---- Exercise data

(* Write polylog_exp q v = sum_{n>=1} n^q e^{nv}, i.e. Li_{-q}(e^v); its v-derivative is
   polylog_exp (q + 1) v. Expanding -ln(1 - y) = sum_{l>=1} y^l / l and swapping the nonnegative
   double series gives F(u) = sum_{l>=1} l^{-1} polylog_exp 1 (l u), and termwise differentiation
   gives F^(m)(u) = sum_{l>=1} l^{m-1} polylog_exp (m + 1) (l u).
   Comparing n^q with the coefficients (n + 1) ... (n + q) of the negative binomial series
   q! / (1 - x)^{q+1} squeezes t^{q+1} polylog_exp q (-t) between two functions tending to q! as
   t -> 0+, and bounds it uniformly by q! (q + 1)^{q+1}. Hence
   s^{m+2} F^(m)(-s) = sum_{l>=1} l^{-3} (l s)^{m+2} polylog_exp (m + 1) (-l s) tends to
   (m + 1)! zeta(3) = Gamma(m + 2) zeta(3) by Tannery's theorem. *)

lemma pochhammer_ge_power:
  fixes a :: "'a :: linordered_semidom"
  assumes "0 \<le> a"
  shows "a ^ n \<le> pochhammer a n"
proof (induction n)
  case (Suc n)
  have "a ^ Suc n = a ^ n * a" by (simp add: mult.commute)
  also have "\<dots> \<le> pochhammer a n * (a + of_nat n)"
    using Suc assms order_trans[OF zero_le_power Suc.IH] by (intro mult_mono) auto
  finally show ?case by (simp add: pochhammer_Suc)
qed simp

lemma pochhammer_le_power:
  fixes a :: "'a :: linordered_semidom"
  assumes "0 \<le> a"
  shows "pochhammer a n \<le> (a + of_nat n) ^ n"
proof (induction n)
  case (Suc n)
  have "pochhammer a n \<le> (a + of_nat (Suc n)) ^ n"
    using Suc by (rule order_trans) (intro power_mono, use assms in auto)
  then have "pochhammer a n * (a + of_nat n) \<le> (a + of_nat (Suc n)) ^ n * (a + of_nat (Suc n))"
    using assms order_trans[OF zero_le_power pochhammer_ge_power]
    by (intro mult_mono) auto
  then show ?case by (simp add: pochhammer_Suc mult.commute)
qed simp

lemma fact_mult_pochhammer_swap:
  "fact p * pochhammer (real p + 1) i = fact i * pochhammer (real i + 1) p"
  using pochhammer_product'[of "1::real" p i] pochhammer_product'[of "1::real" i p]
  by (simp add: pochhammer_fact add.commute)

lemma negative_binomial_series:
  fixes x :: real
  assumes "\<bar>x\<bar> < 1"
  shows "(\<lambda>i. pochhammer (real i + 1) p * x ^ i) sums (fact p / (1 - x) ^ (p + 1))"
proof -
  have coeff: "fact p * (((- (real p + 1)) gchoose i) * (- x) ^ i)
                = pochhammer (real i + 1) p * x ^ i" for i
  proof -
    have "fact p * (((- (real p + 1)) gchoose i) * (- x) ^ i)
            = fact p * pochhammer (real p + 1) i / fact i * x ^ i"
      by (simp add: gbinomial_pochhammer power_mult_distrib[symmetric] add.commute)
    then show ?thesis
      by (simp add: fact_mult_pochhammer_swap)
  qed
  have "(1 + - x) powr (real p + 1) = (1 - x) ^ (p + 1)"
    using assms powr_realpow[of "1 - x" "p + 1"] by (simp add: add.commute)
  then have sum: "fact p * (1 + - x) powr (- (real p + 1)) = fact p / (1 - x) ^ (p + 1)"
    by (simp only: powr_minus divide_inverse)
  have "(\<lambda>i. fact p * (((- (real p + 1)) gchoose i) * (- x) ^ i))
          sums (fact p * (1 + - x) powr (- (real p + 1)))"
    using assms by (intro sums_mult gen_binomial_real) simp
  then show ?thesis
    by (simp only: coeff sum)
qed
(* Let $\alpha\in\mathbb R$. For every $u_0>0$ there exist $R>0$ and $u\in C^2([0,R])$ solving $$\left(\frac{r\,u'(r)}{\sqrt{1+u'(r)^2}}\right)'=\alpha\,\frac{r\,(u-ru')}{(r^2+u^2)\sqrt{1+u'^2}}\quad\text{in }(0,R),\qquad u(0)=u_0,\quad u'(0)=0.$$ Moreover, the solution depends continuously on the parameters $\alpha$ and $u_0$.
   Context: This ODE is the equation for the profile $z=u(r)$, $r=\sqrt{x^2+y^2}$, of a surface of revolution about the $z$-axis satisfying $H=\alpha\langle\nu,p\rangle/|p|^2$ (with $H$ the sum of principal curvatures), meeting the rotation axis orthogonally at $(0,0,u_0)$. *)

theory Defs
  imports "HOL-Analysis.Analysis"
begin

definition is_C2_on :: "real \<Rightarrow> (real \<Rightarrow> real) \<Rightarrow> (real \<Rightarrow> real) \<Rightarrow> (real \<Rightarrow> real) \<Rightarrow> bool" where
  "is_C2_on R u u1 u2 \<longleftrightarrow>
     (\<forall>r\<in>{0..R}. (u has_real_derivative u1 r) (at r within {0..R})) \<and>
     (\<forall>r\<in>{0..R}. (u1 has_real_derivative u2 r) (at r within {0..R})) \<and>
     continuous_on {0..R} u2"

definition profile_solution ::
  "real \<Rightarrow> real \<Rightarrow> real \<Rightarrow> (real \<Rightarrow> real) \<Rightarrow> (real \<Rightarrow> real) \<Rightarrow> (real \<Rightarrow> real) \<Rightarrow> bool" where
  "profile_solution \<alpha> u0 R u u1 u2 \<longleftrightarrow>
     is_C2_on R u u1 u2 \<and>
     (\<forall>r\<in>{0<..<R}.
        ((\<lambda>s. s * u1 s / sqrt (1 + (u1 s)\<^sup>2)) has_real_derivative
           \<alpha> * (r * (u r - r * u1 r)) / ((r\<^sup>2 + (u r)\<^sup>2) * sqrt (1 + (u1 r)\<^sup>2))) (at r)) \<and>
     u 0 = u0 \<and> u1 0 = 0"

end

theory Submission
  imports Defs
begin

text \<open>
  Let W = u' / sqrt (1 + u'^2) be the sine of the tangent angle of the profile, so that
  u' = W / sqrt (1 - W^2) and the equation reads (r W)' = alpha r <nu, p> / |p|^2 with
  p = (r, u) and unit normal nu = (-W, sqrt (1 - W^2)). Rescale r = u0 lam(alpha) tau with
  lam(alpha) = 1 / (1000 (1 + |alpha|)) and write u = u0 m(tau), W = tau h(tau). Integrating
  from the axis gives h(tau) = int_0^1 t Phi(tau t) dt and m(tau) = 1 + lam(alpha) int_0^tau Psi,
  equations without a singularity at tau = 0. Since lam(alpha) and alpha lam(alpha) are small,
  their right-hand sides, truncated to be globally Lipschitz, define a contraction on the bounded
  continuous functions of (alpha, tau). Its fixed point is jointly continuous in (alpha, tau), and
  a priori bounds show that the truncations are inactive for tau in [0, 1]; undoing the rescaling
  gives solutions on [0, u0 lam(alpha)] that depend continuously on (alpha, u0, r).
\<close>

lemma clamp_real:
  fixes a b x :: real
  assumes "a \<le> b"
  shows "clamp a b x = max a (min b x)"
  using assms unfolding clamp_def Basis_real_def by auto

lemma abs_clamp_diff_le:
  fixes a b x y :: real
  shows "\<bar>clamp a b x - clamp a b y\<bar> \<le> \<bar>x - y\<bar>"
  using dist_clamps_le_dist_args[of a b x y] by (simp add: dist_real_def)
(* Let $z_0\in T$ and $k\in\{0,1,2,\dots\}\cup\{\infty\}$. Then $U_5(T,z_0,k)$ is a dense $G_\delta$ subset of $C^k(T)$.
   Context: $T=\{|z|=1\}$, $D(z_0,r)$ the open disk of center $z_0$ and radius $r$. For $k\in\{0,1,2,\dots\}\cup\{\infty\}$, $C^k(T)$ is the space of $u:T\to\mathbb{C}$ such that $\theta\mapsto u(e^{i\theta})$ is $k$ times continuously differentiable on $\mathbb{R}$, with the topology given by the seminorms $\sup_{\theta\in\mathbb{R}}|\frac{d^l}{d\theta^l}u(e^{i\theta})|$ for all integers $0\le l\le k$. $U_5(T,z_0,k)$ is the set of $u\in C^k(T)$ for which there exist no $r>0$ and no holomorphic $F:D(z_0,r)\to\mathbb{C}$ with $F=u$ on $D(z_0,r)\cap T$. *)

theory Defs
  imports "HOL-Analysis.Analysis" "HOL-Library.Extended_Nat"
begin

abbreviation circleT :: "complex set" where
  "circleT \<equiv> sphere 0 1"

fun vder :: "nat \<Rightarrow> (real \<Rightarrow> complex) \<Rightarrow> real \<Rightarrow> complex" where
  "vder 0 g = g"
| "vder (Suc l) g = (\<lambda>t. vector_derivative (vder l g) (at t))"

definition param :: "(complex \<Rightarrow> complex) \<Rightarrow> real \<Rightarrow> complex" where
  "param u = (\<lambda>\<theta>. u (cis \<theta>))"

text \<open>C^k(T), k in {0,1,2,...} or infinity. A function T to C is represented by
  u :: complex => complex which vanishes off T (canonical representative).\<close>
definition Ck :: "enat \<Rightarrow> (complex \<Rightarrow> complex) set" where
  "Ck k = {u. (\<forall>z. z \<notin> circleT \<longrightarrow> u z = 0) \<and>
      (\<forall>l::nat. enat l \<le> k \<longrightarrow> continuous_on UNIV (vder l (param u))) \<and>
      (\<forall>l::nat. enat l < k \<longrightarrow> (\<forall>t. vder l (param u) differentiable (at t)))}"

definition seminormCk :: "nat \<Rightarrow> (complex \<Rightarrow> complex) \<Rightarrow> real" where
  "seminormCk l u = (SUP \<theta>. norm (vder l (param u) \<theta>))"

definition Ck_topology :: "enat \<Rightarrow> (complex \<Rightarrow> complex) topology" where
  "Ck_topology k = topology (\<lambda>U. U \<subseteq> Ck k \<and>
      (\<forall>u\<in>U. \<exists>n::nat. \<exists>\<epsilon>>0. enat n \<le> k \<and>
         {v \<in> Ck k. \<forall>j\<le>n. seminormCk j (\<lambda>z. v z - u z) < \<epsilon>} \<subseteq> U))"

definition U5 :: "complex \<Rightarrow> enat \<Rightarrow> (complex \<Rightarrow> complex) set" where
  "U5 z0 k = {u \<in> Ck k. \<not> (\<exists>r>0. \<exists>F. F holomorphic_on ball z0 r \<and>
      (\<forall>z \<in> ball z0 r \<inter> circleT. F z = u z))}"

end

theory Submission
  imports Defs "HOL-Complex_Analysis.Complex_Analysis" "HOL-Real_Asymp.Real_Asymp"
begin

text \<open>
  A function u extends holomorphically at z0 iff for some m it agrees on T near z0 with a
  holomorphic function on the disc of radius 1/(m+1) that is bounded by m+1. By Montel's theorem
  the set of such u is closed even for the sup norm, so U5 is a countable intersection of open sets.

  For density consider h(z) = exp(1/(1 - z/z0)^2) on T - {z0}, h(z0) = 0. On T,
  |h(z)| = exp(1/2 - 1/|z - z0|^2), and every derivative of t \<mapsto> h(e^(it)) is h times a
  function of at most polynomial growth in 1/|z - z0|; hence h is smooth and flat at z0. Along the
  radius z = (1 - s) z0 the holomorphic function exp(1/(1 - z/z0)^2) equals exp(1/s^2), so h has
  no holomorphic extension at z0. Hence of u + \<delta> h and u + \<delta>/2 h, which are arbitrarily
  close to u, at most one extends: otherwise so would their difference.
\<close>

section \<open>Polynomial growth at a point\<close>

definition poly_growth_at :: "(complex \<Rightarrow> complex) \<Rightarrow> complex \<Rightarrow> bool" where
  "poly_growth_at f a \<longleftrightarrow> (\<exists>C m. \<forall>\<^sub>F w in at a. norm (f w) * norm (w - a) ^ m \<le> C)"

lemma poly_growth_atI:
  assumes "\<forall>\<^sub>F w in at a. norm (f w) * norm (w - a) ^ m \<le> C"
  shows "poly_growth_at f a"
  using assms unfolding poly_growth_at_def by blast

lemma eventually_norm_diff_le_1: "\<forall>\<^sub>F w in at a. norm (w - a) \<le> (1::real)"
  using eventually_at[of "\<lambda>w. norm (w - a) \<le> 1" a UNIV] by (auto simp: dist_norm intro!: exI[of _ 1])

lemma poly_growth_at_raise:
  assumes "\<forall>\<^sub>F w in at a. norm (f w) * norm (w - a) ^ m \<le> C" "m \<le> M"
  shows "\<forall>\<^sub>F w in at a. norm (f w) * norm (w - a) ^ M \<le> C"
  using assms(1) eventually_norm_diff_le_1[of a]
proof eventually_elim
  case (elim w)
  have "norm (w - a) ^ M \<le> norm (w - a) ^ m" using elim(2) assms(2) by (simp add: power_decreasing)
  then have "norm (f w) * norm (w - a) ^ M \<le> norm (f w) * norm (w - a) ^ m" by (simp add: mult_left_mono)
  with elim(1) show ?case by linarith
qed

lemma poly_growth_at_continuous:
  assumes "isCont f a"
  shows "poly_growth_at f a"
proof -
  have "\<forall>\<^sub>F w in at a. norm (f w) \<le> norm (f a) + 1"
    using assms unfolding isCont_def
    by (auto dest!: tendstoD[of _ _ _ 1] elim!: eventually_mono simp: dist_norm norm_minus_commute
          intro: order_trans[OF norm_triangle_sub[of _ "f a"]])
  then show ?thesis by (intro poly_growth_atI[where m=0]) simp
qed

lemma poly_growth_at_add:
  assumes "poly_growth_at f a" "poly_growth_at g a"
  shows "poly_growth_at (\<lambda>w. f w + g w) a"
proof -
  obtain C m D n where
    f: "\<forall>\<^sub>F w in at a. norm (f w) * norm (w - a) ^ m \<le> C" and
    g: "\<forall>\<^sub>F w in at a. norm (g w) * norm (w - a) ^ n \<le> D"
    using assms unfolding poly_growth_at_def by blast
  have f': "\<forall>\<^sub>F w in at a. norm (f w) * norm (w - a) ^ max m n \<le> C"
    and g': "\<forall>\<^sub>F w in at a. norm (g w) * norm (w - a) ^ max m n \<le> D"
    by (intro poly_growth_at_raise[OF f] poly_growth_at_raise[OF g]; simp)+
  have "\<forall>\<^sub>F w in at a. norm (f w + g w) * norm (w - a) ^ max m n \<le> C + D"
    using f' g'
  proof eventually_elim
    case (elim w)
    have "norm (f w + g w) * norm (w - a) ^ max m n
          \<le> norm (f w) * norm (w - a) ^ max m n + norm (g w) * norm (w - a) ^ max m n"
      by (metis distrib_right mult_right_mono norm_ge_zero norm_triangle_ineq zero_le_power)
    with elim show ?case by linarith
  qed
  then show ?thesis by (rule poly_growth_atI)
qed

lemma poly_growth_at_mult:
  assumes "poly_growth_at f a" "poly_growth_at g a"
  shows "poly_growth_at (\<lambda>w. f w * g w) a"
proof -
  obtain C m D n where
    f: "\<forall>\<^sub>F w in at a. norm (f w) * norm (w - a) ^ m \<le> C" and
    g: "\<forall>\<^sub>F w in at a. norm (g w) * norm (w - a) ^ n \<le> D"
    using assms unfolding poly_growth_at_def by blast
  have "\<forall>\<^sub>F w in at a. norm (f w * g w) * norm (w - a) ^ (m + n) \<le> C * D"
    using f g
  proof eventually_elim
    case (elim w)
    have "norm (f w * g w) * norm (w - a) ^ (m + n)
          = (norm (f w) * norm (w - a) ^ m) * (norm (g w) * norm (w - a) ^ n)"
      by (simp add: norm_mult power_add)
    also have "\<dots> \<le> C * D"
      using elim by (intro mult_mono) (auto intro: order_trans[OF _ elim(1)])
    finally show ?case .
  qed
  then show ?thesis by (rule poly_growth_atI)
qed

--------

Beginning with the first line above, could you copy every line exactly, up to and including the one with "polylog_exp (m + 1) (l u)."?

__Result__:
(* Write polylog_exp q v = sum_{n>=1} n^q e^{nv}, i.e. Li_{-q}(e^v); its v-derivative is
   polylog_exp (q + 1) v. Expanding -ln(1 - y) = sum_{l>=1} y^l / l and swapping the nonnegative
   double series gives F(u) = sum_{l>=1} l^{-1} polylog_exp 1 (l u), and termwise differentiation
   gives F^(m)(u) = sum_{l>=1} l^{m-1} polylog_exp (m + 1) (l u).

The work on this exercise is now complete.